### Exercise aim:
Across the data below, in how many lines does the word "dots" appear? Give only the number.

### The records:
(* Let $G$ be a connected graph and let $x\in V(G)$ be a vertex with $d(x)=\Delta(G)\le |G|-2$. If $V(G)\setminus N[x]$ is an independent set in $G$, then $G$ admits an antimagic orientation.
   Context: All graphs are finite and simple; $|G|$ is the number of vertices, $\Delta(G)$ the maximum degree, $N(v)$ the set of neighbours of $v$, and $N[v]=N(v)\cup\{v\}$. For a digraph $D$ and an injective map $\tau$ from the arc set $A(D)$ to positive integers, $s_{(D,\tau)}(u)$ is the sum of labels of arcs entering $u$ minus the sum of labels of arcs leaving $u$ ($0$ if $u$ is isolated). If $D$ has $m$ arcs, a bijection $\tau:A(D)\to\{1,\dots,m\}$ is an antimagic labeling if the values $s_{(D,\tau)}(u)$ are pairwise distinct over all vertices. $G$ admits an antimagic orientation if some orientation $D$ of $G$ has an antimagic labeling. *)

theory Defs
  imports Main
begin

definition simple_graph :: "'a set \<Rightarrow> 'a set set \<Rightarrow> bool" where
  "simple_graph V E \<longleftrightarrow> finite V \<and> (\<forall>e\<in>E. \<exists>u v. e = {u, v} \<and> u \<noteq> v \<and> u \<in> V \<and> v \<in> V)"

definition neighbors :: "'a set set \<Rightarrow> 'a \<Rightarrow> 'a set" where
  "neighbors E v = {u. {u, v} \<in> E}"

definition degree :: "'a set set \<Rightarrow> 'a \<Rightarrow> nat" where
  "degree E v = card (neighbors E v)"

definition max_degree :: "'a set \<Rightarrow> 'a set set \<Rightarrow> nat" where
  "max_degree V E = Max (degree E ` V)"

definition connected_graph :: "'a set \<Rightarrow> 'a set set \<Rightarrow> bool" where
  "connected_graph V E \<longleftrightarrow> V \<noteq> {} \<and>
     (\<forall>u\<in>V. \<forall>v\<in>V. (u, v) \<in> {(a, b). {a, b} \<in> E}\<^sup>*)"

definition independent_set :: "'a set set \<Rightarrow> 'a set \<Rightarrow> bool" where
  "independent_set E S \<longleftrightarrow> (\<forall>u\<in>S. \<forall>v\<in>S. {u, v} \<notin> E)"

definition is_orientation :: "'a set set \<Rightarrow> ('a \<times> 'a) set \<Rightarrow> bool" where
  "is_orientation E D \<longleftrightarrow>
     (\<forall>(u, v)\<in>D. {u, v} \<in> E) \<and>
     (\<forall>e\<in>E. \<exists>!a\<in>D. e = {fst a, snd a})"

definition vertex_sum :: "('a \<times> 'a) set \<Rightarrow> ('a \<times> 'a \<Rightarrow> nat) \<Rightarrow> 'a \<Rightarrow> int" where
  "vertex_sum D \<tau> u =
     (\<Sum>a\<in>{a\<in>D. snd a = u}. int (\<tau> a)) - (\<Sum>a\<in>{a\<in>D. fst a = u}. int (\<tau> a))"

definition antimagic_labeling :: "'a set \<Rightarrow> ('a \<times> 'a) set \<Rightarrow> ('a \<times> 'a \<Rightarrow> nat) \<Rightarrow> bool" where
  "antimagic_labeling V D \<tau> \<longleftrightarrow>
     bij_betw \<tau> D {1..card D} \<and> inj_on (vertex_sum D \<tau>) V"

definition has_antimagic_orientation :: "'a set \<Rightarrow> 'a set set \<Rightarrow> bool" where
  "has_antimagic_orientation V E \<longleftrightarrow>
     (\<exists>D \<tau>. is_orientation E D \<and> antimagic_labeling V D \<tau>)"

end

theory Submission
  imports Defs
begin

text \<open>Let \<open>N = N(x)\<close> and \<open>R = V \<setminus> N[x]\<close>. Since \<open>R\<close> is independent, every edge lies inside
  \<open>N\<close>, joins \<open>R\<close> to \<open>N\<close>, or contains \<open>x\<close>. The edges inside \<open>N\<close> are oriented and labelled
  \<open>1, \<dots>, m\<close> so that every vertex sum is at least \<open>-m\<close>. The edges at \<open>R\<close> are oriented away
  from \<open>R\<close> and receive the next labels, block by block in order of degree, so that the (negative)
  sums on \<open>R\<close> are distinct; the edges at \<open>x\<close> are oriented away from \<open>x\<close> and receive the
  largest labels, in the order of the sums already present on \<open>N\<close>, so that the sums on \<open>N\<close>
  become distinct and positive. As \<open>d(r) \<le> \<Delta> = d(x)\<close> for \<open>r \<in> R\<close>, the sum at \<open>x\<close> lies below all
  sums on \<open>R\<close>, which in turn lie below those on \<open>N\<close>.\<close>

abbreviation undirected :: "'a \<times> 'a \<Rightarrow> 'a set" where
  "undirected a \<equiv> {fst a, snd a}"

abbreviation labeling :: "('a \<times> 'a) set \<Rightarrow> ('a \<times> 'a \<Rightarrow> nat) \<Rightarrow> bool" where
  "labeling D \<tau> \<equiv> bij_betw \<tau> D {1..card D}"

lemma vertex_sum_Un_disjoint:
  assumes "finite A" "finite B" "A \<inter> B = {}"
  shows "vertex_sum (A \<union> B) \<tau> u = vertex_sum A \<tau> u + vertex_sum B \<tau> u"
proof -
  have "{a \<in> A \<union> B. snd a = u} = {a\<in>A. snd a = u} \<union> {a\<in>B. snd a = u}"
       "{a \<in> A \<union> B. fst a = u} = {a\<in>A. fst a = u} \<union> {a\<in>B. fst a = u}" by auto
  then show ?thesis
    unfolding vertex_sum_def using assms by (simp add: sum.union_disjoint disjoint_iff)
qed

lemma vertex_sum_cong:
  assumes "\<And>a. a \<in> D \<Longrightarrow> \<tau> a = \<tau>' a"
  shows "vertex_sum D \<tau> u = vertex_sum D \<tau>' u"
  unfolding vertex_sum_def using assms by (intro arg_cong2[where f="(-)"] sum.cong) auto

lemma vertex_sum_not_incident:
  assumes "\<And>a. a \<in> D \<Longrightarrow> fst a \<noteq> u \<and> snd a \<noteq> u"
  shows "vertex_sum D \<tau> u = 0"
proof -
  have h: "{a\<in>D. snd a = u} = {}" "{a\<in>D. fst a = u} = {}" using assms by auto
  show ?thesis unfolding vertex_sum_def h by simp
qed

lemma vertex_sum_nonneg_if_no_tail:
  assumes "\<And>a. a \<in> D \<Longrightarrow> fst a \<noteq> u"
  shows "vertex_sum D \<tau> u \<ge> 0"
proof -
  have h: "{a\<in>D. fst a = u} = {}" using assms by auto
  show ?thesis unfolding vertex_sum_def h by (simp add: sum_nonneg)
qed

lemma vertex_sum_insert:
  assumes "finite D" "a \<notin> D"
  shows "vertex_sum (insert a D) \<tau> u = vertex_sum D \<tau> u
     + (if snd a = u then int (\<tau> a) else 0) - (if fst a = u then int (\<tau> a) else 0)"
proof -
  have "{b\<in>{a}. snd b = u} = (if snd a = u then {a} else {})"
       "{b\<in>{a}. fst b = u} = (if fst a = u then {a} else {})" by auto
  then have "vertex_sum {a} \<tau> u
      = (if snd a = u then int (\<tau> a) else 0) - (if fst a = u then int (\<tau> a) else 0)"
    unfolding vertex_sum_def by simp
  moreover have "vertex_sum (D \<union> {a}) \<tau> u = vertex_sum D \<tau> u + vertex_sum {a} \<tau> u"
    using assms by (intro vertex_sum_Un_disjoint) auto
  ultimately show ?thesis by simp
qed

lemma is_orientation_if_bij_betw:
  assumes "bij_betw undirected D E"
  shows "is_orientation E D"
  unfolding is_orientation_def
proof (intro conjI ballI)
  fix p assume "p \<in> D"
  then show "case p of (u, v) \<Rightarrow> {u, v} \<in> E"
    using assms by (cases p) (force simp: bij_betw_def)
next
  fix e assume "e \<in> E"
  then obtain a where a: "a \<in> D" "e = undirected a" using assms by (auto simp: bij_betw_def)
  then show "\<exists>!a. a \<in> D \<and> e = undirected a"
    using assms unfolding bij_betw_def inj_on_def by blast
qed

lemma labeling_insert:
  assumes "finite D" "labeling D \<tau>" "a \<notin> D"
  shows "labeling (insert a D) (\<tau>(a := Suc (card D)))"
proof -
  have "bij_betw (\<tau>(a := Suc (card D))) D {1..card D}"
    by (rule bij_betw_cong[THEN iffD2, OF _ assms(2)]) (use assms(3) in auto)
  then have "bij_betw (\<tau>(a := Suc (card D))) (D \<union> {a}) ({1..card D} \<union> {Suc (card D)})"
    by (rule bij_betw_combine) auto
  moreover have "{1..card D} \<union> {Suc (card D)} = {1..card (insert a D)}" using assms by auto
  ultimately show ?thesis by simp
qed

### Response to this exercise:
2